■ What needs to be done ■
Find the line in the entries below that contains "dimension d iff". Repeat it exactly, and every line after it through the line that contains "over the columns".

Dataset items
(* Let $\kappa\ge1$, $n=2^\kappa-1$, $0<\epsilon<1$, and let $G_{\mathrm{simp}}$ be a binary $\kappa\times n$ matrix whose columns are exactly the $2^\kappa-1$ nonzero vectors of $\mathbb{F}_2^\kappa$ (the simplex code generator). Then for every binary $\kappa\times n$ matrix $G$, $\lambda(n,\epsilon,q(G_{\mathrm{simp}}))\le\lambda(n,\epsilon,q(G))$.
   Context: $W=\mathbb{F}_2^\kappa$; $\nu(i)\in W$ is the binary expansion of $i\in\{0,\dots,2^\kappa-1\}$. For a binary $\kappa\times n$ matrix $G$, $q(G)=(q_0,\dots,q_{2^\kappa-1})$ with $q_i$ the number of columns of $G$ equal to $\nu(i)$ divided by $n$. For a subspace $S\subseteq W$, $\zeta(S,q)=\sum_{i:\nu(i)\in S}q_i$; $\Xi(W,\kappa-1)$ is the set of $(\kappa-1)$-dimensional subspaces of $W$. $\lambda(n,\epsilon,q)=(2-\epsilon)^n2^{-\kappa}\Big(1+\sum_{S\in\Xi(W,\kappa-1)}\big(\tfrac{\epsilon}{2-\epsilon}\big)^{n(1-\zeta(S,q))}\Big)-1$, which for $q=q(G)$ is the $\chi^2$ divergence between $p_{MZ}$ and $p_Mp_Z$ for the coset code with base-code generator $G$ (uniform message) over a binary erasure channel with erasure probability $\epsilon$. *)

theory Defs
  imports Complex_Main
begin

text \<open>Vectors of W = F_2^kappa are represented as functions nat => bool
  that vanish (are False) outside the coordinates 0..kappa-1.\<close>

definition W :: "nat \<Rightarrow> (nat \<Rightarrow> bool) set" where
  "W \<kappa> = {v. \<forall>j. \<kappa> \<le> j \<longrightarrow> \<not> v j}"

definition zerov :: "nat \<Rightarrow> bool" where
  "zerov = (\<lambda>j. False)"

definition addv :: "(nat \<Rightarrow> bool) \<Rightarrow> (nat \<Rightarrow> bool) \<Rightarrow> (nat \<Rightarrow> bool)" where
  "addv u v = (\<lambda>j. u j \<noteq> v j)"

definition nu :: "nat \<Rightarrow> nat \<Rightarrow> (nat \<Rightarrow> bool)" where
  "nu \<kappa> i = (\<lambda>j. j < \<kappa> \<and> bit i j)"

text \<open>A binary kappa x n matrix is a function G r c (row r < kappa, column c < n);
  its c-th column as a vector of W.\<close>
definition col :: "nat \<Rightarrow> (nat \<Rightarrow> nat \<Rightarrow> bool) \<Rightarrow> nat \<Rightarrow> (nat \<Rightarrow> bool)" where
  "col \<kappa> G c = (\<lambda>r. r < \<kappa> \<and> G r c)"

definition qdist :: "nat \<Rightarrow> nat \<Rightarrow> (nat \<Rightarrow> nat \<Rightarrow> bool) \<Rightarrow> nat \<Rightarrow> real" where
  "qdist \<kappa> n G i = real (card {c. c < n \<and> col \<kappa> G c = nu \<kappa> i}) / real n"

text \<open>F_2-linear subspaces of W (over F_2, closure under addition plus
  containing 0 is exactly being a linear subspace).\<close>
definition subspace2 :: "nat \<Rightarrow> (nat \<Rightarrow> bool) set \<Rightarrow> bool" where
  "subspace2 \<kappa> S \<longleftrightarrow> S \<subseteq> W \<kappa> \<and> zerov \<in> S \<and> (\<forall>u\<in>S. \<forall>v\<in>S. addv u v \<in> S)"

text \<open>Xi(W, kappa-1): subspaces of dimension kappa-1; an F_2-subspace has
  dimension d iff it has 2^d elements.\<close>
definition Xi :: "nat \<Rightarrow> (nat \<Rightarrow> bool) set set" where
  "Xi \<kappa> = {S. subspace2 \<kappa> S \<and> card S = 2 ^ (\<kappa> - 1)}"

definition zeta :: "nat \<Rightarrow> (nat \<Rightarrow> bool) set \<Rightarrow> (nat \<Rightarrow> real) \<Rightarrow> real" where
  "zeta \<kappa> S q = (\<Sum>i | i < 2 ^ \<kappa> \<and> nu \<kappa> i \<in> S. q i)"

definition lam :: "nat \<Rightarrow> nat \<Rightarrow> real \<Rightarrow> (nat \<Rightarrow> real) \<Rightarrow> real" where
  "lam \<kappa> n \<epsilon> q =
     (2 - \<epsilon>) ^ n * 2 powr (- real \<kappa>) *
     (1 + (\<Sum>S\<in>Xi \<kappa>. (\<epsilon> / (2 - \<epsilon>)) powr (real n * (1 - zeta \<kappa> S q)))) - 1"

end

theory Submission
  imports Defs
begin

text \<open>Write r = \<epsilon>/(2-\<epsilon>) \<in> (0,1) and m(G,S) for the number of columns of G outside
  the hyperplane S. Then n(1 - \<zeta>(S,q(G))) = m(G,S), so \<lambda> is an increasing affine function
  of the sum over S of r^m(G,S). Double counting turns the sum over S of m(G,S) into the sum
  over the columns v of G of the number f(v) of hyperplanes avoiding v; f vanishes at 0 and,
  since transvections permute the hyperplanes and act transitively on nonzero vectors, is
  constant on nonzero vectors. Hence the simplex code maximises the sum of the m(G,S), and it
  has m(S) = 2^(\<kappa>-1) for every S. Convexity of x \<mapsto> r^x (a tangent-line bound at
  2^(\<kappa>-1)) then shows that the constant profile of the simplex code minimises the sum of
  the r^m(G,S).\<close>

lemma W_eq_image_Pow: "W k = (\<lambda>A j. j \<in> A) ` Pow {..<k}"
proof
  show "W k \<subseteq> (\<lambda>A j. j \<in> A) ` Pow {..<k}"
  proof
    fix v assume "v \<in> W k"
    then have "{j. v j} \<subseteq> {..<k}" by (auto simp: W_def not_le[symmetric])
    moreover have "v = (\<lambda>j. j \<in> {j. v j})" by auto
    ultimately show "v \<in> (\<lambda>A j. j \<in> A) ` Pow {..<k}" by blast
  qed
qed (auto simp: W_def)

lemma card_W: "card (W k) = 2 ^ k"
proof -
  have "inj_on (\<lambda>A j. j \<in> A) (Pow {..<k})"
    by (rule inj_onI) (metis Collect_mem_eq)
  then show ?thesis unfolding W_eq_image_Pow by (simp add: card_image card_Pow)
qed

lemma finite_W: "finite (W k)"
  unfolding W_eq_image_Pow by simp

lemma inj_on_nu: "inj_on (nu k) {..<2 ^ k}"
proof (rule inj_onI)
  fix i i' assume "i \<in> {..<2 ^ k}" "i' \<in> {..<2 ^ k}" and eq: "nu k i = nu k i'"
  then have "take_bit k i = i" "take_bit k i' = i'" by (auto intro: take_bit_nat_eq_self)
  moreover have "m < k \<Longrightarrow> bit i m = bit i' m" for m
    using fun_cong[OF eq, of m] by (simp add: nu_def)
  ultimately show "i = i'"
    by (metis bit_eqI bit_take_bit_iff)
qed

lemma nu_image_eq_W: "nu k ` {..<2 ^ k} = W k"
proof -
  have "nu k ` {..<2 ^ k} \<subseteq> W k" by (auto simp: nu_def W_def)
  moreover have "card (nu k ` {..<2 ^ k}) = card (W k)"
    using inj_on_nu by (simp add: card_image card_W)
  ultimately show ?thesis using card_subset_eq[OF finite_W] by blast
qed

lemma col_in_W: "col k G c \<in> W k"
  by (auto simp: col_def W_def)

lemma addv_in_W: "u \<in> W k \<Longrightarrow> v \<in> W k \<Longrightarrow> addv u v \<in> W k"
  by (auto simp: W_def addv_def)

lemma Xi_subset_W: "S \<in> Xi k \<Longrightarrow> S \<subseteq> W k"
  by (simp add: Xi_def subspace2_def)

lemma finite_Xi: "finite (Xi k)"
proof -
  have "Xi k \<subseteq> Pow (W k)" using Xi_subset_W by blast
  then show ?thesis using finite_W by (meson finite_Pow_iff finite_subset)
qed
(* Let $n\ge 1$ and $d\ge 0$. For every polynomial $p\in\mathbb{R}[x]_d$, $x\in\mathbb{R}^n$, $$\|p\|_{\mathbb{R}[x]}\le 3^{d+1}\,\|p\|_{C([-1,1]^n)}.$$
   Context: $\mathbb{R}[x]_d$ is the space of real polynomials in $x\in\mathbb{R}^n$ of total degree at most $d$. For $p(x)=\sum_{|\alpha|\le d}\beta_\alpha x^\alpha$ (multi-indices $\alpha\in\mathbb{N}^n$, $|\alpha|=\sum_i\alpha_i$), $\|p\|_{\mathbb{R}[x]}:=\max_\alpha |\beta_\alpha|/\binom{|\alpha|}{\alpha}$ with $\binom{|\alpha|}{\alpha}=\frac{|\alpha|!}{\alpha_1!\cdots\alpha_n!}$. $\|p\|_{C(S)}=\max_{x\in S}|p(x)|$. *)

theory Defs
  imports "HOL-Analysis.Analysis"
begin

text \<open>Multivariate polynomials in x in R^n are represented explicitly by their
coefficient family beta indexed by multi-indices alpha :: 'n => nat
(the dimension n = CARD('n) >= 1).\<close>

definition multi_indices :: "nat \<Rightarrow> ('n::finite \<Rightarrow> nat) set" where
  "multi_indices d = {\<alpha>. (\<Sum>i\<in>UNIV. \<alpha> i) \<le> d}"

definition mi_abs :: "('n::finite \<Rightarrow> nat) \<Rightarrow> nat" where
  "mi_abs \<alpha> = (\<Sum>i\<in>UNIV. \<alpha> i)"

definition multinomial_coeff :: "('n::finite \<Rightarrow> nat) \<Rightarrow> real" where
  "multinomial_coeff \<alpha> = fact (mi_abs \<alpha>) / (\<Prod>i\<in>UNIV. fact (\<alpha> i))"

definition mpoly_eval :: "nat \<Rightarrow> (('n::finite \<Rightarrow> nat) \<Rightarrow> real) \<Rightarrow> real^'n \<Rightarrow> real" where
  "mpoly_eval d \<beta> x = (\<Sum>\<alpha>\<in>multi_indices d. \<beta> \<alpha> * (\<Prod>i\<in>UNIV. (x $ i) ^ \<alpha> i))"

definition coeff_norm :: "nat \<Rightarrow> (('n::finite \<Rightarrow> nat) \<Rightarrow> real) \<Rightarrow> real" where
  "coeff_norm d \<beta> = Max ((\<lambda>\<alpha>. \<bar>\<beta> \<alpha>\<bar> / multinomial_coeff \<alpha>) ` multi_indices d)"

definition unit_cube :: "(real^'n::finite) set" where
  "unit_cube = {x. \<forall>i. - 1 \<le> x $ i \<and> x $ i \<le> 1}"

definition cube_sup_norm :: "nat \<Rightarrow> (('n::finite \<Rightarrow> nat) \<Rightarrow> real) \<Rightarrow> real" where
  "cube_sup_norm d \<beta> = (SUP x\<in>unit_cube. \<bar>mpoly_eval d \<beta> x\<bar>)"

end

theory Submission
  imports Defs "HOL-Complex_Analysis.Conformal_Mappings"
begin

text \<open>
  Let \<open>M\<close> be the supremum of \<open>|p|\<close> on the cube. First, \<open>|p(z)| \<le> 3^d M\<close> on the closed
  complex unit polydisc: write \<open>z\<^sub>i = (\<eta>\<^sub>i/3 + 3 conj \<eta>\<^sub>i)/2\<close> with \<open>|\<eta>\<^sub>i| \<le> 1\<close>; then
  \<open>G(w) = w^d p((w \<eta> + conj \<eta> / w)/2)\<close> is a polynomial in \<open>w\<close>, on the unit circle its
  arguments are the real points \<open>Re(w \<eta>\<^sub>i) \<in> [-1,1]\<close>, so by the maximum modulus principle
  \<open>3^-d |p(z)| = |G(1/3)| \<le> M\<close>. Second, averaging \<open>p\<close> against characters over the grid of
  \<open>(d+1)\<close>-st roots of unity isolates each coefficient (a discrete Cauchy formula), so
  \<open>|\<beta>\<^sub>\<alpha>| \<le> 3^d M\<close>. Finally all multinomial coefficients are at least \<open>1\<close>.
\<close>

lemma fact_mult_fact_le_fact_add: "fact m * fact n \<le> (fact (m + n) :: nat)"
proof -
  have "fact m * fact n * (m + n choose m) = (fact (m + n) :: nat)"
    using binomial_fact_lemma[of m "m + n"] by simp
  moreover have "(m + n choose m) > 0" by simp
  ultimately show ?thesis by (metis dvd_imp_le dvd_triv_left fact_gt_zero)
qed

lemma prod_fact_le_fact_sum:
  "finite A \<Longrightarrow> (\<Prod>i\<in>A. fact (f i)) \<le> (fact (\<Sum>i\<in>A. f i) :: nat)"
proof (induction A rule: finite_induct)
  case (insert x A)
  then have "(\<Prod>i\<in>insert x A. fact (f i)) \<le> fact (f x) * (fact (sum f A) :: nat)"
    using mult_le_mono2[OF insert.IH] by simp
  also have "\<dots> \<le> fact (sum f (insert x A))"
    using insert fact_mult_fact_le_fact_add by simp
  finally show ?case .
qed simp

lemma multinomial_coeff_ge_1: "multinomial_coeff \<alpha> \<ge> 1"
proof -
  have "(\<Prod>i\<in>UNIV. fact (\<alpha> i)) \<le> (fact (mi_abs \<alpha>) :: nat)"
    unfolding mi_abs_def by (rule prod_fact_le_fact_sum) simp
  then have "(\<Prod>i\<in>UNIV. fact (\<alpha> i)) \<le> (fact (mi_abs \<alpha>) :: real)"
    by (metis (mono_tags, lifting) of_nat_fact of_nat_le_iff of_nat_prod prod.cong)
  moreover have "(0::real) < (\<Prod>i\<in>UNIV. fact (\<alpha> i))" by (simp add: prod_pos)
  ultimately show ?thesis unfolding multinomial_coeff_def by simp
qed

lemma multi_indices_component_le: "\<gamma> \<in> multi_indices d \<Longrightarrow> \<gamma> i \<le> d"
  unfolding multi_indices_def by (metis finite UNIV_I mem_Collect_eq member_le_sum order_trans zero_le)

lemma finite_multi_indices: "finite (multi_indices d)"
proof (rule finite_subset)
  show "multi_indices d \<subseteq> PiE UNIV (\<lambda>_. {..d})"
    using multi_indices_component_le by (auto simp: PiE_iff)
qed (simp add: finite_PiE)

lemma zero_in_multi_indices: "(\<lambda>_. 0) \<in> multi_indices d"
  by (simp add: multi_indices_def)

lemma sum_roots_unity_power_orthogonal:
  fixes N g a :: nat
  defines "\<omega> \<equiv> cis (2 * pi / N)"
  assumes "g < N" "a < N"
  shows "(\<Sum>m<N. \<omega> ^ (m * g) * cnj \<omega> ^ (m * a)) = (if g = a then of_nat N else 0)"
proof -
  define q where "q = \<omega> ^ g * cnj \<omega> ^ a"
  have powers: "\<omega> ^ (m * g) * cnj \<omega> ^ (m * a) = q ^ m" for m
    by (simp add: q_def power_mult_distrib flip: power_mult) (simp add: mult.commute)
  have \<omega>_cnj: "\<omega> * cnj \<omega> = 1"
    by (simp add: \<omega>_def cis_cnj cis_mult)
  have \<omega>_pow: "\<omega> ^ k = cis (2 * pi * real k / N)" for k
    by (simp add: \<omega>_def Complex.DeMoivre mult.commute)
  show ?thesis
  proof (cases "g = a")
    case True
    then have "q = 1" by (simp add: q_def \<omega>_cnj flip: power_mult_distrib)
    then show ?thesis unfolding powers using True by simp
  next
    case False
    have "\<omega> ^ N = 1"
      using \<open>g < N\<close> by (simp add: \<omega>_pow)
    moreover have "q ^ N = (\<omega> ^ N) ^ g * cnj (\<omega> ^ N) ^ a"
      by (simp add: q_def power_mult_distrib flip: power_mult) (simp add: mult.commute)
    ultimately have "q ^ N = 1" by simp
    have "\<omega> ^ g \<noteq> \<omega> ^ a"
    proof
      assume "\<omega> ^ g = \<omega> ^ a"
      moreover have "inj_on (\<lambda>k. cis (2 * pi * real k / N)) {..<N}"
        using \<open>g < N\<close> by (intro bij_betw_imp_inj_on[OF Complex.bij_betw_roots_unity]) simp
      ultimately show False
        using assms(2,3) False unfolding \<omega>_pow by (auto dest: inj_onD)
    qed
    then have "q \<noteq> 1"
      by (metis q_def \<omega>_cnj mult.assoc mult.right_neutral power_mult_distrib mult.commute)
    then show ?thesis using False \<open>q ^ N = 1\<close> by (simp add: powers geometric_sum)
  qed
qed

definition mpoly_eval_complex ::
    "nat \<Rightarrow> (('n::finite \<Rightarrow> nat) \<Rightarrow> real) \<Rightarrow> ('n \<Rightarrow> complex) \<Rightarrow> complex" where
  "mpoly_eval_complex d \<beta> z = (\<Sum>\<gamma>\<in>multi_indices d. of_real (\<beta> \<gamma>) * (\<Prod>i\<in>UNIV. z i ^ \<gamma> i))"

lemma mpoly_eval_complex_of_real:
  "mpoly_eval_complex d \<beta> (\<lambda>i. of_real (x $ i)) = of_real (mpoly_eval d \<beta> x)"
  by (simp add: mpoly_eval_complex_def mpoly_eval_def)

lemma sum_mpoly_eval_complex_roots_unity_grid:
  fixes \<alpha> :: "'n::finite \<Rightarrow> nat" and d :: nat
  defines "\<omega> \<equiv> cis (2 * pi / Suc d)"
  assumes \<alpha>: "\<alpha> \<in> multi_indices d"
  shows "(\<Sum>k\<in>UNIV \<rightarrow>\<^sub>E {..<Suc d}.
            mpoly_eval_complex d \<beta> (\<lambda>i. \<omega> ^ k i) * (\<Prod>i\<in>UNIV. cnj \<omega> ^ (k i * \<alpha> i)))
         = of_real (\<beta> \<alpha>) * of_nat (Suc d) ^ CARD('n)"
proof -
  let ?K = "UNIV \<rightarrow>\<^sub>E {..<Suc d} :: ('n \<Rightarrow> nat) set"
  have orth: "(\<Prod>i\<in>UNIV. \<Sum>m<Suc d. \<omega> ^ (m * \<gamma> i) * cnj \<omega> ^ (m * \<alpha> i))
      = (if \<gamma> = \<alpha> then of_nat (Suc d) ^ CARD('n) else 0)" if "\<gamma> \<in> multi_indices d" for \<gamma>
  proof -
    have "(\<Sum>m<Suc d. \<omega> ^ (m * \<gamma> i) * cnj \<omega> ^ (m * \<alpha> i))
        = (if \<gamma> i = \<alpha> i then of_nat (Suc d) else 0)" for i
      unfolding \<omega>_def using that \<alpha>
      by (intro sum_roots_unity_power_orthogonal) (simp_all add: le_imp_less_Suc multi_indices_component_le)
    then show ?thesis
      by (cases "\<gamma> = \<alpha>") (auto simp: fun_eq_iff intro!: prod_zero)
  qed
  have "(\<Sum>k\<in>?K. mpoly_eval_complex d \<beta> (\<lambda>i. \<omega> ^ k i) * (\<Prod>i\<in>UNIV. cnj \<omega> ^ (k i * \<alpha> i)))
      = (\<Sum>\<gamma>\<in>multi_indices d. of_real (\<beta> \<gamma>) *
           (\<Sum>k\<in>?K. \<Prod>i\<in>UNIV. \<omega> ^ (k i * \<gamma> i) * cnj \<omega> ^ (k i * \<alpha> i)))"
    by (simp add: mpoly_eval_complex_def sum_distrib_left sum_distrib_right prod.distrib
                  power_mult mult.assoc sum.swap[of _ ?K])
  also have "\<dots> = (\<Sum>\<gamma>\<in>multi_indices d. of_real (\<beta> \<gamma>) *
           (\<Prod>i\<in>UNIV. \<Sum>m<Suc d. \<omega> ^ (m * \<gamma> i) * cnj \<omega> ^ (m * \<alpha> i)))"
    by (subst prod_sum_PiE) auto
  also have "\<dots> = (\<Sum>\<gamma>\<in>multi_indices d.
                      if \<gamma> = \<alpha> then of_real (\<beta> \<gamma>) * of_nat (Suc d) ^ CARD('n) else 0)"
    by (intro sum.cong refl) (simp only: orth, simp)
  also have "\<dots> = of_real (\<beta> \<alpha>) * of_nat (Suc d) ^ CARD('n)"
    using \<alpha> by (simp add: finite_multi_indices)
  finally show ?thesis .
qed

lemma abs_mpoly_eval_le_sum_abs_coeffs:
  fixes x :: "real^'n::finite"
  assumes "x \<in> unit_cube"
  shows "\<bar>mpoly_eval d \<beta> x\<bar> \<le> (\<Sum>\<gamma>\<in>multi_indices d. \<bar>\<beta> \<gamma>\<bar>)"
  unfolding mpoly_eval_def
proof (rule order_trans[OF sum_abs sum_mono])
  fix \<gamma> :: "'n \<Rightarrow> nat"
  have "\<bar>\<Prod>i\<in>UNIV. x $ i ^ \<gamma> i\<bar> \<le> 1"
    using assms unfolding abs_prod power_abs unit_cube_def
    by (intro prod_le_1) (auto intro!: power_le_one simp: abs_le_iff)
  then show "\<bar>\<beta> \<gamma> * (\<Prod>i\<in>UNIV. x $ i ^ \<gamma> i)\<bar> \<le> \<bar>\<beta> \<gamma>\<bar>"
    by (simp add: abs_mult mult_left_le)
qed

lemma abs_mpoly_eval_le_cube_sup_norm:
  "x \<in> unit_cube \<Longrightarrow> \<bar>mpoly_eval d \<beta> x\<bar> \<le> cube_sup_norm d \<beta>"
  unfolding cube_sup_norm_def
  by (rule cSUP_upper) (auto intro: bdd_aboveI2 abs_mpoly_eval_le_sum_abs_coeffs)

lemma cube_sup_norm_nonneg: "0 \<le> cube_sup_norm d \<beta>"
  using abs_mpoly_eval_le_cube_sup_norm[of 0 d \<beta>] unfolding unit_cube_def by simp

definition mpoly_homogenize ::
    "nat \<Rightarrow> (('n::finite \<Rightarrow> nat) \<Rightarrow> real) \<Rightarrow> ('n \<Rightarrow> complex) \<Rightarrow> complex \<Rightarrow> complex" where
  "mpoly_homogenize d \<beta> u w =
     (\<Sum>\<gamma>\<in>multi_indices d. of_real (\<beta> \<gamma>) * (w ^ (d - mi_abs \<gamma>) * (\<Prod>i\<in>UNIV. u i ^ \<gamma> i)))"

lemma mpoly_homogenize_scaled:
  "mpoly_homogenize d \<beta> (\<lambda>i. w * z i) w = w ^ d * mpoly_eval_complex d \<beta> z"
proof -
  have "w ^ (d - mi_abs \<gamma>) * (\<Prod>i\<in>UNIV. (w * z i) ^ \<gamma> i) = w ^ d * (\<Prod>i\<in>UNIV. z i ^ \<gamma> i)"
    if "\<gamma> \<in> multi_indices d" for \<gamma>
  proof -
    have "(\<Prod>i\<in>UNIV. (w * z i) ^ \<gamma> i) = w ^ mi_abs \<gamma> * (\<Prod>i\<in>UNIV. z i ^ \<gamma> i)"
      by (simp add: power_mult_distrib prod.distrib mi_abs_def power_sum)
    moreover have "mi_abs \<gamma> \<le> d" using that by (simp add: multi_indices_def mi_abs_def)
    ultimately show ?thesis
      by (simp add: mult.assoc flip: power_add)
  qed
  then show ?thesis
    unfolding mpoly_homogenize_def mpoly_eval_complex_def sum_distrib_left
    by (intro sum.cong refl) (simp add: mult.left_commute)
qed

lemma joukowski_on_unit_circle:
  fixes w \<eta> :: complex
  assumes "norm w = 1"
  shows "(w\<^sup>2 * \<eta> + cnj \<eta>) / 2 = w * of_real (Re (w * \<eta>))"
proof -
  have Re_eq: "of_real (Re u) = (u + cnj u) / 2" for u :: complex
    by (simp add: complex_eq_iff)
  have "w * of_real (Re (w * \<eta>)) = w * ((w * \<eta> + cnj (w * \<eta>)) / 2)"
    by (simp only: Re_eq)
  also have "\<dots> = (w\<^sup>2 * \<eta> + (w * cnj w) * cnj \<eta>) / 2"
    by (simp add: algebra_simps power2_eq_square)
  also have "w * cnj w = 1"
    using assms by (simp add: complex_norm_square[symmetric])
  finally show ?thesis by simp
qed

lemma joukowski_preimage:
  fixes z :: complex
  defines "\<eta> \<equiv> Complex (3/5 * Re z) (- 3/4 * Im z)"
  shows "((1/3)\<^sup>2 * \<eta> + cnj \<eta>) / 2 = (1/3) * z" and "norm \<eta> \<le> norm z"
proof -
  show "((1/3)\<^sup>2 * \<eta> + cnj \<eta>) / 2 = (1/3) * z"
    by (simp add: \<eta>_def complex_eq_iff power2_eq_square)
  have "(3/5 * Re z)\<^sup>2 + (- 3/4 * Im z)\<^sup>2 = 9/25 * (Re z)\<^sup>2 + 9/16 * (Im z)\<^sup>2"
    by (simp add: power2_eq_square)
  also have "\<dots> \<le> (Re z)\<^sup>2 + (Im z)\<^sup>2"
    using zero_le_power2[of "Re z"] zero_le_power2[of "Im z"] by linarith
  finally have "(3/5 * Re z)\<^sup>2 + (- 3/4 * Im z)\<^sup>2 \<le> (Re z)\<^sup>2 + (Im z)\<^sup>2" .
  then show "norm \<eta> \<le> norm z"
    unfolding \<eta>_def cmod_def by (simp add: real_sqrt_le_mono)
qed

■ Exercise answer ■
  dimension d iff it has 2^d elements.\<close>
definition Xi :: "nat \<Rightarrow> (nat \<Rightarrow> bool) set set" where
  "Xi \<kappa> = {S. subspace2 \<kappa> S \<and> card S = 2 ^ (\<kappa> - 1)}"

definition zeta :: "nat \<Rightarrow> (nat \<Rightarrow> bool) set \<Rightarrow> (nat \<Rightarrow> real) \<Rightarrow> real" where
  "zeta \<kappa> S q = (\<Sum>i | i < 2 ^ \<kappa> \<and> nu \<kappa> i \<in> S. q i)"

definition lam :: "nat \<Rightarrow> nat \<Rightarrow> real \<Rightarrow> (nat \<Rightarrow> real) \<Rightarrow> real" where
  "lam \<kappa> n \<epsilon> q =
     (2 - \<epsilon>) ^ n * 2 powr (- real \<kappa>) *
     (1 + (\<Sum>S\<in>Xi \<kappa>. (\<epsilon> / (2 - \<epsilon>)) powr (real n * (1 - zeta \<kappa> S q)))) - 1"

end

theory Submission
  imports Defs
begin

text \<open>Write r = \<epsilon>/(2-\<epsilon>) \<in> (0,1) and m(G,S) for the number of columns of G outside
  the hyperplane S. Then n(1 - \<zeta>(S,q(G))) = m(G,S), so \<lambda> is an increasing affine function
  of the sum over S of r^m(G,S). Double counting turns the sum over S of m(G,S) into the sum
  over the columns v of G of the number f(v) of hyperplanes avoiding v; f vanishes at 0 and,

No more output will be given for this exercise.